Climate change: UK extreme rainfall events expected to be more frequent by the 2070s
March 8, 2023
Extreme local rainfall events in the UK may become up to four times more frequent by the 2070s under a high emission scenario, compared to current levels, according to new climate model simulations presented in Nature Communications. The findings could help support policy decisions in land management, infrastructure design, and investment in flood protection.
Recent floods across Europe have reinforced the need for a better understanding of how rainfall will change locally over the coming decades with global warming. Flooding in central Europe in July 2021 resulted in more than 200 fatalities and considerable damage to infrastructure, with estimated costs for Germany alone between €4.5–5.5 billion. Extreme precipitation is generally projected to intensify with global warming as warmer air has the capacity to hold more moisture. However, precipitation is a very localised event that is influenced by many factors, and is governed by climate variability. Therefore, how global warming will affect rainfall locally in the future remains unclear.

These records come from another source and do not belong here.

(* Let $n\ge2$ and let $M\in\mathbb{R}^{n\times n}$ be Metzler, output unstable and nonsingular. Then (a) $S^TM^{-1}e_n\ge0$ and $e_n^TM^{-1}S\ge0$ entrywise, and $e_n^TM^{-1}e_n>0$; (b) for every $b_0\in\mathbb{R}^n_{\ge0}$, $g_0:=-e_n^TM^{-1}b_0\le0$, and $g_n:=-e_n^TM^{-1}e_n<0$.
   Context: $S:=[e_1\ \cdots\ e_{n-1}]\in\mathbb{R}^{n\times(n-1)}$, with $e_i$ the standard basis vectors. Metzler: all off-diagonal entries nonnegative. Hurwitz stable: all eigenvalues have negative real part. A matrix $M\in\mathbb{R}^{n\times n}$ is output unstable if $S^TMS$ is Hurwitz stable and $e_n^TMe_n>0$. *)

theory Defs
  imports "Jordan_Normal_Form.Matrix" "Jordan_Normal_Form.Char_Poly" Complex_Main
begin

definition S_mat :: "nat \<Rightarrow> real mat" where
  "S_mat n = mat n (n - 1) (\<lambda>(i, j). if i = j then 1 else 0)"

definition en_col :: "nat \<Rightarrow> real mat" where
  "en_col n = mat n 1 (\<lambda>(i, j). if i = n - 1 then 1 else 0)"

definition metzler :: "real mat \<Rightarrow> bool" where
  "metzler M \<longleftrightarrow> (\<forall>i < dim_row M. \<forall>j < dim_col M. i \<noteq> j \<longrightarrow> M $$ (i, j) \<ge> 0)"

definition hurwitz :: "real mat \<Rightarrow> bool" where
  "hurwitz A \<longleftrightarrow> square_mat A \<and>
     (\<forall>z. eigenvalue (map_mat complex_of_real A) z \<longrightarrow> Re z < 0)"

definition output_unstable :: "real mat \<Rightarrow> bool" where
  "output_unstable M \<longleftrightarrow>
     (let n = dim_row M in
       hurwitz (transpose_mat (S_mat n) * M * S_mat n) \<and>
       (transpose_mat (en_col n) * M * en_col n) $$ (0, 0) > 0)"

definition nonneg_mat :: "real mat \<Rightarrow> bool" where
  "nonneg_mat A \<longleftrightarrow> (\<forall>i < dim_row A. \<forall>j < dim_col A. A $$ (i, j) \<ge> 0)"

end

theory Submission
  imports Defs "Jordan_Normal_Form.Spectral_Radius"
begin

Elizabeth Kendon and colleagues used new climate model simulations to study local hourly rainfall extremes, exceeding 20 mm/h, in the UK. They found that extreme rainfall events are projected to become four times more frequent by the 2070s under a high emission scenario (in which warming is predicted to reach about 4.3 °C by 2100), while previous, lower resolution models projected a smaller increase of two–three times in this period. However, this increase is influenced by climate variability, which may result in the random occurrence of a cluster of record-breaking events, potentially followed by the absence of them even for multiple years. This tendency towards clustered extreme rainfall events poses challenges for local communities trying to adapt, and is therefore important to consider for planning and management, the authors suggest.